[REQUIRED WORK] Take the entries below and print only the lines from the one with "test_fun \<Omega> \<phi> \<longrightarrow>" through the one with "(INF u \<in>", exactly as they stand, both ends included.

[PROVIDED ENTRIES]
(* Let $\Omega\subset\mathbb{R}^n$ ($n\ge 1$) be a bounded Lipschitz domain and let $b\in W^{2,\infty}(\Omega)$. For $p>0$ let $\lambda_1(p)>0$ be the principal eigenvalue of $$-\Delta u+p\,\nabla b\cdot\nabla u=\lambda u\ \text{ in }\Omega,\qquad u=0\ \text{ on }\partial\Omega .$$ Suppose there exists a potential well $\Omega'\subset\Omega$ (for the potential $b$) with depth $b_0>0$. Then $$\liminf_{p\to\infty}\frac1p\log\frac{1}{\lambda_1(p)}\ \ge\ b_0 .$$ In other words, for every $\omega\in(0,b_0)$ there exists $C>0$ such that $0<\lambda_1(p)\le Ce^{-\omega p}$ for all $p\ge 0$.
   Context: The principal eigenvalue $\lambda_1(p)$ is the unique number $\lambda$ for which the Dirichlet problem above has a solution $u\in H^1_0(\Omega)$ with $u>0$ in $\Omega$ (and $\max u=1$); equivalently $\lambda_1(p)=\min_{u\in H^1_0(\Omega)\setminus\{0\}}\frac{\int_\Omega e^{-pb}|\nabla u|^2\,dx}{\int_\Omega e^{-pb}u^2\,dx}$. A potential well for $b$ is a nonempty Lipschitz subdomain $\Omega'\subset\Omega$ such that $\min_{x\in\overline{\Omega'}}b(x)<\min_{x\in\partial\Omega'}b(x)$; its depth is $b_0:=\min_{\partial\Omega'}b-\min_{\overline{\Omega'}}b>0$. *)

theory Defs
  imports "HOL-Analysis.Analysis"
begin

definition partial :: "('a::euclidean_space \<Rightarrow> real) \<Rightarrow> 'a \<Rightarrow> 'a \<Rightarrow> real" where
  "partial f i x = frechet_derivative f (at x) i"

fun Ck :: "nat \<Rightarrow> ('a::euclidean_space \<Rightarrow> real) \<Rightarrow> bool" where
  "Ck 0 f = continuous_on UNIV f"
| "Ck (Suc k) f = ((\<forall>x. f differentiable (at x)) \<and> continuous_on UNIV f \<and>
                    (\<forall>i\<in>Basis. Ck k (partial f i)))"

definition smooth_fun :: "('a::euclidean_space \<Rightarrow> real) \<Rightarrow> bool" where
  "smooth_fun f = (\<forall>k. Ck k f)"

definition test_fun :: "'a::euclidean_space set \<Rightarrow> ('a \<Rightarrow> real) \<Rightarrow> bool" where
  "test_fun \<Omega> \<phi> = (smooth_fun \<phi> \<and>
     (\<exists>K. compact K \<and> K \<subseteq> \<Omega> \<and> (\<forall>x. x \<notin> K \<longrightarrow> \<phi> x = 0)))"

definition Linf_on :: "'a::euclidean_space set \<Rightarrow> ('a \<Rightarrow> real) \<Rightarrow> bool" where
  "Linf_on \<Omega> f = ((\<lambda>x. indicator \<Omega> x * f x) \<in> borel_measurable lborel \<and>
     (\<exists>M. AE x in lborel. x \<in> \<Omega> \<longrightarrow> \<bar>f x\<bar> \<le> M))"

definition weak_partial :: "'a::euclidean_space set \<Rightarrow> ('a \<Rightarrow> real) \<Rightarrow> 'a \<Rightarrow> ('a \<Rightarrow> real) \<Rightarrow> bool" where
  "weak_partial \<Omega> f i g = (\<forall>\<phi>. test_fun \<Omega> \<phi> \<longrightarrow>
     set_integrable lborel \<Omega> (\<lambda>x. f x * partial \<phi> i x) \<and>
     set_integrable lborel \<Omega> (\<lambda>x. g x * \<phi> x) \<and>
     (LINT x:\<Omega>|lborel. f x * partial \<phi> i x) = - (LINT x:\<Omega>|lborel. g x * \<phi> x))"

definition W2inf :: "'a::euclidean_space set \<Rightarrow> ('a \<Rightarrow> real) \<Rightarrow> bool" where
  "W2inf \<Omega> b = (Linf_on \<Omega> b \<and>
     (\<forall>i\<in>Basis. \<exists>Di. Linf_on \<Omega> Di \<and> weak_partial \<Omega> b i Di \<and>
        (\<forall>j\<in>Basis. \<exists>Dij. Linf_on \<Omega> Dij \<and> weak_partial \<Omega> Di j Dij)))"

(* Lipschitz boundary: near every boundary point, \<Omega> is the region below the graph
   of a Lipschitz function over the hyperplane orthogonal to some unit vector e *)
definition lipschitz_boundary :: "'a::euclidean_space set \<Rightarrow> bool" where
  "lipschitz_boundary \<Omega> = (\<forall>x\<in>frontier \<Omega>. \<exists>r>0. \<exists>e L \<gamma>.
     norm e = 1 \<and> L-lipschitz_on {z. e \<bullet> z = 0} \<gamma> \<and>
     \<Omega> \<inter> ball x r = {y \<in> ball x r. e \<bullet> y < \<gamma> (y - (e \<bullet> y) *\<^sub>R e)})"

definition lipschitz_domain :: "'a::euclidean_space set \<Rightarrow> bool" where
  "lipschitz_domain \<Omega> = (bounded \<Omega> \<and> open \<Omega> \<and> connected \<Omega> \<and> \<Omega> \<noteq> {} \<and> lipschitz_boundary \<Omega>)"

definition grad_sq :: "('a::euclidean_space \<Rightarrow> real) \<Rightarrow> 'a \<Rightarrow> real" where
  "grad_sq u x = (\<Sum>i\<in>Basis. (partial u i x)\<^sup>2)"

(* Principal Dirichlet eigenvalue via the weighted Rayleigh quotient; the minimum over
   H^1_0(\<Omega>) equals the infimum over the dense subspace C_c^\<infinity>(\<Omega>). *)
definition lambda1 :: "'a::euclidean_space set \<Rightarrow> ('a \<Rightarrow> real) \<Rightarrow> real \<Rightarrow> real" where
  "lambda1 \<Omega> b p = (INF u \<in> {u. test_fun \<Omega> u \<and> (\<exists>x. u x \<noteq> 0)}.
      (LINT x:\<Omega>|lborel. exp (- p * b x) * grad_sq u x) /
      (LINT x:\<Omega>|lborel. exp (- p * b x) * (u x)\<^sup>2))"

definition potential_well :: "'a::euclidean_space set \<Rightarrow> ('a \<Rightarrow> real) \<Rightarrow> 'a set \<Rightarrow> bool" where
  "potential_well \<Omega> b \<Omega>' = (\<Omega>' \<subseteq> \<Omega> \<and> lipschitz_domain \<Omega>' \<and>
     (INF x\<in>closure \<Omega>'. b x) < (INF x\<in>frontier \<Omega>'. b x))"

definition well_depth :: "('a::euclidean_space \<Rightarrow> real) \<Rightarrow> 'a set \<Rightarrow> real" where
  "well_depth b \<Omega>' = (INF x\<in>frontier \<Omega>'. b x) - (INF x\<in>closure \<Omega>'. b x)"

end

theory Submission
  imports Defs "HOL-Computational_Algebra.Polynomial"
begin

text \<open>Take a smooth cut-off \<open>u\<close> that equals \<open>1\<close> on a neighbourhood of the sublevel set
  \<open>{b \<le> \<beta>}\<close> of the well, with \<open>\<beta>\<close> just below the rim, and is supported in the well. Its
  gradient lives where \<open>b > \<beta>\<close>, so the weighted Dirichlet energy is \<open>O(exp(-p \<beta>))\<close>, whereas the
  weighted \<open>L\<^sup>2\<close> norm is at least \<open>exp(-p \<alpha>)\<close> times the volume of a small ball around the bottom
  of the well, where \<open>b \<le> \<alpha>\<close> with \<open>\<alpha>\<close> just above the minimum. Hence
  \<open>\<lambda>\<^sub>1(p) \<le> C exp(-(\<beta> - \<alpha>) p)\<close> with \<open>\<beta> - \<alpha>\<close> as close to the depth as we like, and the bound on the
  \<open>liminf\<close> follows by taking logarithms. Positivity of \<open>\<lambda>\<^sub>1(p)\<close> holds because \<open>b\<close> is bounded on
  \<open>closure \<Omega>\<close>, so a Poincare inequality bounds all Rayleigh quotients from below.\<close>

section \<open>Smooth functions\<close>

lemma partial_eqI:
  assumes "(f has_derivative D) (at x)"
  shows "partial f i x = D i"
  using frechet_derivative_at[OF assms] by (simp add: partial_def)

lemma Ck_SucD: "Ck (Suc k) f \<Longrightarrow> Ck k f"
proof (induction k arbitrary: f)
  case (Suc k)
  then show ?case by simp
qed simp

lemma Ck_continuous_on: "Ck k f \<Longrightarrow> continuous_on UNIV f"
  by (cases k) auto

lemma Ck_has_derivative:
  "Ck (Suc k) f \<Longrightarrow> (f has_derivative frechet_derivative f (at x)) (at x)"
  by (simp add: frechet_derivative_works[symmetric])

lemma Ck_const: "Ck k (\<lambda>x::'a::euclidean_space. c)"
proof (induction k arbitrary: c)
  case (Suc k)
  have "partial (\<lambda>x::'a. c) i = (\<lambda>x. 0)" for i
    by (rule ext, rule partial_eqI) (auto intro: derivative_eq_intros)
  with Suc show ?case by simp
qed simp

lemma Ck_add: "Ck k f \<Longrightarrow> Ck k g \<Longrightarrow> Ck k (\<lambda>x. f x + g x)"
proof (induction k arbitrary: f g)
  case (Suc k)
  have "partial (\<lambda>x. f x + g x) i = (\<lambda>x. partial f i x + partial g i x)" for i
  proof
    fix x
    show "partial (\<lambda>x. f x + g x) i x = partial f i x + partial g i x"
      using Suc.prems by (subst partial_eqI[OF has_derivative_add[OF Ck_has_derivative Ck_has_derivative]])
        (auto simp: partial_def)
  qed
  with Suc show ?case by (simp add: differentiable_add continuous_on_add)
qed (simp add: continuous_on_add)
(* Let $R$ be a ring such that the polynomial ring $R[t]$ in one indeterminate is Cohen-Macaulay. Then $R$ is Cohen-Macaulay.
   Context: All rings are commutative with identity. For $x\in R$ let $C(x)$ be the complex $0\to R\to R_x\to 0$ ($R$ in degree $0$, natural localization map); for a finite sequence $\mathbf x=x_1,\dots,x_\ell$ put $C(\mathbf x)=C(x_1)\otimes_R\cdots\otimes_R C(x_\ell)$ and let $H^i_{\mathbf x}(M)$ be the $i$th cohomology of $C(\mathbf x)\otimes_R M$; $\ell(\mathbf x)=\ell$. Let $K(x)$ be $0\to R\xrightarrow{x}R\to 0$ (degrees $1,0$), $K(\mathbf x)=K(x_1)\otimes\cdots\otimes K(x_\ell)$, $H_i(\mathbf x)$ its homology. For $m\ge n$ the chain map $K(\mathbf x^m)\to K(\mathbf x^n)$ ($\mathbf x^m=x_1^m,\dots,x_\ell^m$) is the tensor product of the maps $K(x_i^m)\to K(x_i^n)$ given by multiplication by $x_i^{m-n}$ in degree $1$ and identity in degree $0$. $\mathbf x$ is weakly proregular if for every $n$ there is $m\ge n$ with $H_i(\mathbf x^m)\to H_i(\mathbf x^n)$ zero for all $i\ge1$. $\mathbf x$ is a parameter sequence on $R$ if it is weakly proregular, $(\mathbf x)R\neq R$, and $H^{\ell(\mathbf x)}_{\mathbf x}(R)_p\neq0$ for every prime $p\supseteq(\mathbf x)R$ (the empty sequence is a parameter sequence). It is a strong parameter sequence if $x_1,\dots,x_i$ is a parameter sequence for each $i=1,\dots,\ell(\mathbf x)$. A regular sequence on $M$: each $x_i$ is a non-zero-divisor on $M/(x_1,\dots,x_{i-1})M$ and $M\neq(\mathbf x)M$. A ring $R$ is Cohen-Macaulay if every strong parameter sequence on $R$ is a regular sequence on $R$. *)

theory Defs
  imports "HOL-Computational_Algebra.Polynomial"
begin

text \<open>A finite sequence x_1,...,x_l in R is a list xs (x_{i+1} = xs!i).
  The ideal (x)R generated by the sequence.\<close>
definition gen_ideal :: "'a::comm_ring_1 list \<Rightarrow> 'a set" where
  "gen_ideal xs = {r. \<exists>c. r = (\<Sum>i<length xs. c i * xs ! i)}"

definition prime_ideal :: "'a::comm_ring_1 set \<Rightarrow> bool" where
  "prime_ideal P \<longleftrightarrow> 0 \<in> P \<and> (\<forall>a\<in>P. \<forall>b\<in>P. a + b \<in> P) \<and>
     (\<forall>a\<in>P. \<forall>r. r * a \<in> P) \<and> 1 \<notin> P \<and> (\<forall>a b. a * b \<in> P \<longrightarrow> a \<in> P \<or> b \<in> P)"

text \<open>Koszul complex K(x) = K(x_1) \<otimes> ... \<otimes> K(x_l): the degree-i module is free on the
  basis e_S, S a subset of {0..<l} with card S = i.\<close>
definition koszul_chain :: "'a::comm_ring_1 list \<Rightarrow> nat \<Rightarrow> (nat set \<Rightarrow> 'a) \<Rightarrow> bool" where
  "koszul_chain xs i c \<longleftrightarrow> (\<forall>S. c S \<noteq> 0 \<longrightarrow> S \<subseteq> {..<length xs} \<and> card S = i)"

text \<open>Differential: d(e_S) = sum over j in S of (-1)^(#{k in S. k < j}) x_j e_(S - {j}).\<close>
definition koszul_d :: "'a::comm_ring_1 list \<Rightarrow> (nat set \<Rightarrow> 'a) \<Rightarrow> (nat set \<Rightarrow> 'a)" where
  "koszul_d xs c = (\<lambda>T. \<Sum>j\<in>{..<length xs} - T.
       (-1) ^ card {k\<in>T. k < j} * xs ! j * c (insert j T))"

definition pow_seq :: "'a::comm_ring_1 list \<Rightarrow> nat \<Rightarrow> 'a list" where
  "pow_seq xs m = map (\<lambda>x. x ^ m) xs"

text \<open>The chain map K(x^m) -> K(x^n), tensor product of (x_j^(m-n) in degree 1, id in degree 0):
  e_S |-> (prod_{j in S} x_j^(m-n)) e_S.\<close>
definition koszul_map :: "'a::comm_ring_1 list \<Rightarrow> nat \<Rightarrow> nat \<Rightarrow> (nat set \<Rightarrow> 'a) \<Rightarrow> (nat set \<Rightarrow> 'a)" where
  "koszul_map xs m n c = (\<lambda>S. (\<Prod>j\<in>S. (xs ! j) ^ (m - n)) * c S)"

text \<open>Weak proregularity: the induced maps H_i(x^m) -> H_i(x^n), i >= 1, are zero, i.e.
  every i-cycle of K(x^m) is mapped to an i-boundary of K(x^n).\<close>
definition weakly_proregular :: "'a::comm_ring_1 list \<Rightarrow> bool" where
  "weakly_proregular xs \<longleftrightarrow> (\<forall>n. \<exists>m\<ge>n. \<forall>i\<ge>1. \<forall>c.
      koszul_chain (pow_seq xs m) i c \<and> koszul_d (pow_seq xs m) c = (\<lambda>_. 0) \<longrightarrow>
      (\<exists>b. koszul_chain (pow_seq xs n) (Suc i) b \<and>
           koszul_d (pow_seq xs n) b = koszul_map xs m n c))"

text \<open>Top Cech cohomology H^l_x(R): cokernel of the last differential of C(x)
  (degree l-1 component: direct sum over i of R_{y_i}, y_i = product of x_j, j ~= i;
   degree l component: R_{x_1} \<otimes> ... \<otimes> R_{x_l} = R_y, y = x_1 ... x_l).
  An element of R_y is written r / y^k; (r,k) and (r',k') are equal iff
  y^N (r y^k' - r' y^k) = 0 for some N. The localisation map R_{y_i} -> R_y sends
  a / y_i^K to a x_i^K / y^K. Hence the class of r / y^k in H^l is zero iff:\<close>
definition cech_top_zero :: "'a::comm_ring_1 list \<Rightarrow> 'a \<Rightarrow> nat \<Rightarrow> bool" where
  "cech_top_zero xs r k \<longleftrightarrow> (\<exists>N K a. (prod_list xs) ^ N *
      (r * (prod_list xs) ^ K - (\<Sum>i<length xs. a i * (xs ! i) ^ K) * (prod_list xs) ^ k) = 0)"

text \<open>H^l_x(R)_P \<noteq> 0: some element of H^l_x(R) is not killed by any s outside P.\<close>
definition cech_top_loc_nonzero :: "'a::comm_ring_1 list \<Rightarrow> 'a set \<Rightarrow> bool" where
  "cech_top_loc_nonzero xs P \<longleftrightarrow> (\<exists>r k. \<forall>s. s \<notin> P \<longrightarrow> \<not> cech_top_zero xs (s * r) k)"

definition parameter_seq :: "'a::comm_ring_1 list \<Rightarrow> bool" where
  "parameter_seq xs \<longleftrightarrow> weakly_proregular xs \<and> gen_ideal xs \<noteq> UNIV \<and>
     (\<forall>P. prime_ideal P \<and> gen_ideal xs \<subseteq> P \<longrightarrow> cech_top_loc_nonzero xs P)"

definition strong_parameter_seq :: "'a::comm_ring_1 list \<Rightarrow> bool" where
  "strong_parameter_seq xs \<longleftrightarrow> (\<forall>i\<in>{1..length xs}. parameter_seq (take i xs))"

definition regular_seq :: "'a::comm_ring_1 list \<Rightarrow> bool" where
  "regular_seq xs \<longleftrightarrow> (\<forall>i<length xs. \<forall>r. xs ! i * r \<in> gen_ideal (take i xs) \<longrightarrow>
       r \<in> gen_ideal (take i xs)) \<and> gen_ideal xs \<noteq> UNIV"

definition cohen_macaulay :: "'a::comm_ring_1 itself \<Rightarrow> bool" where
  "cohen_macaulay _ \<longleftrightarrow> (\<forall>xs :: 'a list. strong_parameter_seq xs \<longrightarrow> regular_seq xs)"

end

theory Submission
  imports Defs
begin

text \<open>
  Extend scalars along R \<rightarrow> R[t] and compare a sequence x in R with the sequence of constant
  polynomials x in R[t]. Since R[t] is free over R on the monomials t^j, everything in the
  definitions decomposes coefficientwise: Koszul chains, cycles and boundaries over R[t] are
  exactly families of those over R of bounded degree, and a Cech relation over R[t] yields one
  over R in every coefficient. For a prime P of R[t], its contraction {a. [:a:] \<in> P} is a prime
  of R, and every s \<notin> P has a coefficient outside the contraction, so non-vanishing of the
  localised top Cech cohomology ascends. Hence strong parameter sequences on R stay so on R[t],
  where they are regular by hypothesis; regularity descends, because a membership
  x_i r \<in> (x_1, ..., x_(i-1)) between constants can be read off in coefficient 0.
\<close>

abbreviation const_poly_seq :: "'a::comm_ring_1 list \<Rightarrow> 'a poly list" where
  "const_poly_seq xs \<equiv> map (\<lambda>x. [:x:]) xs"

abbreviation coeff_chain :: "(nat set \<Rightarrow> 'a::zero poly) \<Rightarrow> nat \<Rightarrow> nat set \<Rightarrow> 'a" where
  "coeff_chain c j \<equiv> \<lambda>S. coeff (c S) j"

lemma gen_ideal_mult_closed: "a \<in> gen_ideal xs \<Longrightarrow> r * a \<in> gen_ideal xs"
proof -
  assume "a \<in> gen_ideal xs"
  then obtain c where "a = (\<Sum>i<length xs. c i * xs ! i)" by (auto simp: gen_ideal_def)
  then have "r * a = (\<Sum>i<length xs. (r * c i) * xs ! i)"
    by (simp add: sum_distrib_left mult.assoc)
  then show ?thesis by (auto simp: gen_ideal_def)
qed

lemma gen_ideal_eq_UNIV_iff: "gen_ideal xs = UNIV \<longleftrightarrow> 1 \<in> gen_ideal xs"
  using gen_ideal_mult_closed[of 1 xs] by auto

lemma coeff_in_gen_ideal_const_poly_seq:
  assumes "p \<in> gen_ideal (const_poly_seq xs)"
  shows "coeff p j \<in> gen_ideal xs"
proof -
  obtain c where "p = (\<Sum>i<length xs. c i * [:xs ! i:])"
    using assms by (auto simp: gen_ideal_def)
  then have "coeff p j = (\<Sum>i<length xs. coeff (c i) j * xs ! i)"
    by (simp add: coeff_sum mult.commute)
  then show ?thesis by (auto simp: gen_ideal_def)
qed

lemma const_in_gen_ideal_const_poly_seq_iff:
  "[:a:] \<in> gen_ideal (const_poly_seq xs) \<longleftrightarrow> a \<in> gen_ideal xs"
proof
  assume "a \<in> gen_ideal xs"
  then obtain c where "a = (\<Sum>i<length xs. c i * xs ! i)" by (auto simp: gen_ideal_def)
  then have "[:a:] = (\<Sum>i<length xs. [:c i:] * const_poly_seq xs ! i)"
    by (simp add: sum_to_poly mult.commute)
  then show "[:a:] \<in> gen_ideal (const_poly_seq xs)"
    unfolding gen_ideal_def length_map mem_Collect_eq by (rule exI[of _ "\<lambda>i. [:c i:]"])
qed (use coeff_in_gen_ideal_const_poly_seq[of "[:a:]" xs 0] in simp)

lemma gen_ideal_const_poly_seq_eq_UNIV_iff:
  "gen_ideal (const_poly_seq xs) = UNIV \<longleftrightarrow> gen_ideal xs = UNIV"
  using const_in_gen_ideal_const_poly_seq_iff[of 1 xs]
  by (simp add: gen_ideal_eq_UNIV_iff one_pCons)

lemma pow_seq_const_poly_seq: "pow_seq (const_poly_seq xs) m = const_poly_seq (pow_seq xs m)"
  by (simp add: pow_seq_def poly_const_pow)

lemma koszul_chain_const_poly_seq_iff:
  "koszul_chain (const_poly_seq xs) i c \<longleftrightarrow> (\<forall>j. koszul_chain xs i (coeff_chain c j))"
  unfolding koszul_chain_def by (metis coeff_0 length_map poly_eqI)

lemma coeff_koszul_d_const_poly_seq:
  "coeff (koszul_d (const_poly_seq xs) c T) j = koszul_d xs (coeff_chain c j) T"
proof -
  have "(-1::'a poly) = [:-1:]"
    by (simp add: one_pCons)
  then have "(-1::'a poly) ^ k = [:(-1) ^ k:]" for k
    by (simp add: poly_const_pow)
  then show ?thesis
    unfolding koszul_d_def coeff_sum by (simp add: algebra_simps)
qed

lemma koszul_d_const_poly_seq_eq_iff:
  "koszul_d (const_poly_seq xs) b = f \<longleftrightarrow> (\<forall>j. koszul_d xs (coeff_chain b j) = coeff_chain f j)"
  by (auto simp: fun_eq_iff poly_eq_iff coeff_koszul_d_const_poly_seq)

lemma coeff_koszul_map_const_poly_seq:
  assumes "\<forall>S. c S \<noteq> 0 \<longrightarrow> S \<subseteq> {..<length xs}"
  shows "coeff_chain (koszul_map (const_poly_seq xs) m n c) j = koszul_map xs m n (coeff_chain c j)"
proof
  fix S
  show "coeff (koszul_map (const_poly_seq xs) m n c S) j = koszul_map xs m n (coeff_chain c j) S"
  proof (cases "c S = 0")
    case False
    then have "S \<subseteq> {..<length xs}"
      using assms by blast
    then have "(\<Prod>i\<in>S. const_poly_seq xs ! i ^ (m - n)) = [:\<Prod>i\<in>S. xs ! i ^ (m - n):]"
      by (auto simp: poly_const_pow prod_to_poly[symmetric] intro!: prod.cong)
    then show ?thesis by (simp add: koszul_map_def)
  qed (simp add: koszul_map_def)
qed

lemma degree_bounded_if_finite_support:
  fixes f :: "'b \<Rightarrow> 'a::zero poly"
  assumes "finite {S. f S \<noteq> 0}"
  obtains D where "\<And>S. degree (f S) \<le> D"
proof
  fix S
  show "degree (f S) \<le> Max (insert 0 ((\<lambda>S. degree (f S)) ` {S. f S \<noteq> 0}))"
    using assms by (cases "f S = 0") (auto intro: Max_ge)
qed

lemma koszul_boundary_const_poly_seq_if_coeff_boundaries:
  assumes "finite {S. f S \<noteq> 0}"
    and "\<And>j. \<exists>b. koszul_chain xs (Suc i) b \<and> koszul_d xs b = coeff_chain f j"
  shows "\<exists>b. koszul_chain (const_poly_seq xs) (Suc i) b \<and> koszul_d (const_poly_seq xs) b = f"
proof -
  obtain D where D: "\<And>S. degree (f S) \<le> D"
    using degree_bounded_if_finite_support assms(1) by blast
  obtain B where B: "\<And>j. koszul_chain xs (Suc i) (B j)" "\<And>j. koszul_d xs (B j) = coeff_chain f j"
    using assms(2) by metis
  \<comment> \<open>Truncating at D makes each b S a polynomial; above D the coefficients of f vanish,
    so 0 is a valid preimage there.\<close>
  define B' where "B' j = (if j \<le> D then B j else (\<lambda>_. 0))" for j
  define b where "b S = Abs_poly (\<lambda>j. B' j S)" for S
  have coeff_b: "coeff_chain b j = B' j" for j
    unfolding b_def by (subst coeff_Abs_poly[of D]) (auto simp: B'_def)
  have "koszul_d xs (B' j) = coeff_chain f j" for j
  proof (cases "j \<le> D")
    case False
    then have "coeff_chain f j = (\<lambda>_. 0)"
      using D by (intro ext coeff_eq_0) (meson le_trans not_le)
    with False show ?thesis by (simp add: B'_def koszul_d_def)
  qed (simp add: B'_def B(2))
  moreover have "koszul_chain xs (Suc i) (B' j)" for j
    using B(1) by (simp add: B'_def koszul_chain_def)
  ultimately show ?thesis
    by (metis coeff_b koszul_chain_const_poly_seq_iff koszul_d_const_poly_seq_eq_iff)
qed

[PROBLEM SOLUTION]
  "weak_partial \<Omega> f i g = (\<forall>\<phi>. test_fun \<Omega> \<phi> \<longrightarrow>
     set_integrable lborel \<Omega> (\<lambda>x. f x * partial \<phi> i x) \<and>
     set_integrable lborel \<Omega> (\<lambda>x. g x * \<phi> x) \<and>
     (LINT x:\<Omega>|lborel. f x * partial \<phi> i x) = - (LINT x:\<Omega>|lborel. g x * \<phi> x))"

definition W2inf :: "'a::euclidean_space set \<Rightarrow> ('a \<Rightarrow> real) \<Rightarrow> bool" where
  "W2inf \<Omega> b = (Linf_on \<Omega> b \<and>
     (\<forall>i\<in>Basis. \<exists>Di. Linf_on \<Omega> Di \<and> weak_partial \<Omega> b i Di \<and>
        (\<forall>j\<in>Basis. \<exists>Dij. Linf_on \<Omega> Dij \<and> weak_partial \<Omega> Di j Dij)))"

(* Lipschitz boundary: near every boundary point, \<Omega> is the region below the graph
   of a Lipschitz function over the hyperplane orthogonal to some unit vector e *)
definition lipschitz_boundary :: "'a::euclidean_space set \<Rightarrow> bool" where
  "lipschitz_boundary \<Omega> = (\<forall>x\<in>frontier \<Omega>. \<exists>r>0. \<exists>e L \<gamma>.
     norm e = 1 \<and> L-lipschitz_on {z. e \<bullet> z = 0} \<gamma> \<and>
     \<Omega> \<inter> ball x r = {y \<in> ball x r. e \<bullet> y < \<gamma> (y - (e \<bullet> y) *\<^sub>R e)})"

definition lipschitz_domain :: "'a::euclidean_space set \<Rightarrow> bool" where
  "lipschitz_domain \<Omega> = (bounded \<Omega> \<and> open \<Omega> \<and> connected \<Omega> \<and> \<Omega> \<noteq> {} \<and> lipschitz_boundary \<Omega>)"

definition grad_sq :: "('a::euclidean_space \<Rightarrow> real) \<Rightarrow> 'a \<Rightarrow> real" where
  "grad_sq u x = (\<Sum>i\<in>Basis. (partial u i x)\<^sup>2)"

(* Principal Dirichlet eigenvalue via the weighted Rayleigh quotient; the minimum over
   H^1_0(\<Omega>) equals the infimum over the dense subspace C_c^\<infinity>(\<Omega>). *)
definition lambda1 :: "'a::euclidean_space set \<Rightarrow> ('a \<Rightarrow> real) \<Rightarrow> real \<Rightarrow> real" where
  "lambda1 \<Omega> b p = (INF u \<in> {u. test_fun \<Omega> u \<and> (\<exists>x. u x \<noteq> 0)}.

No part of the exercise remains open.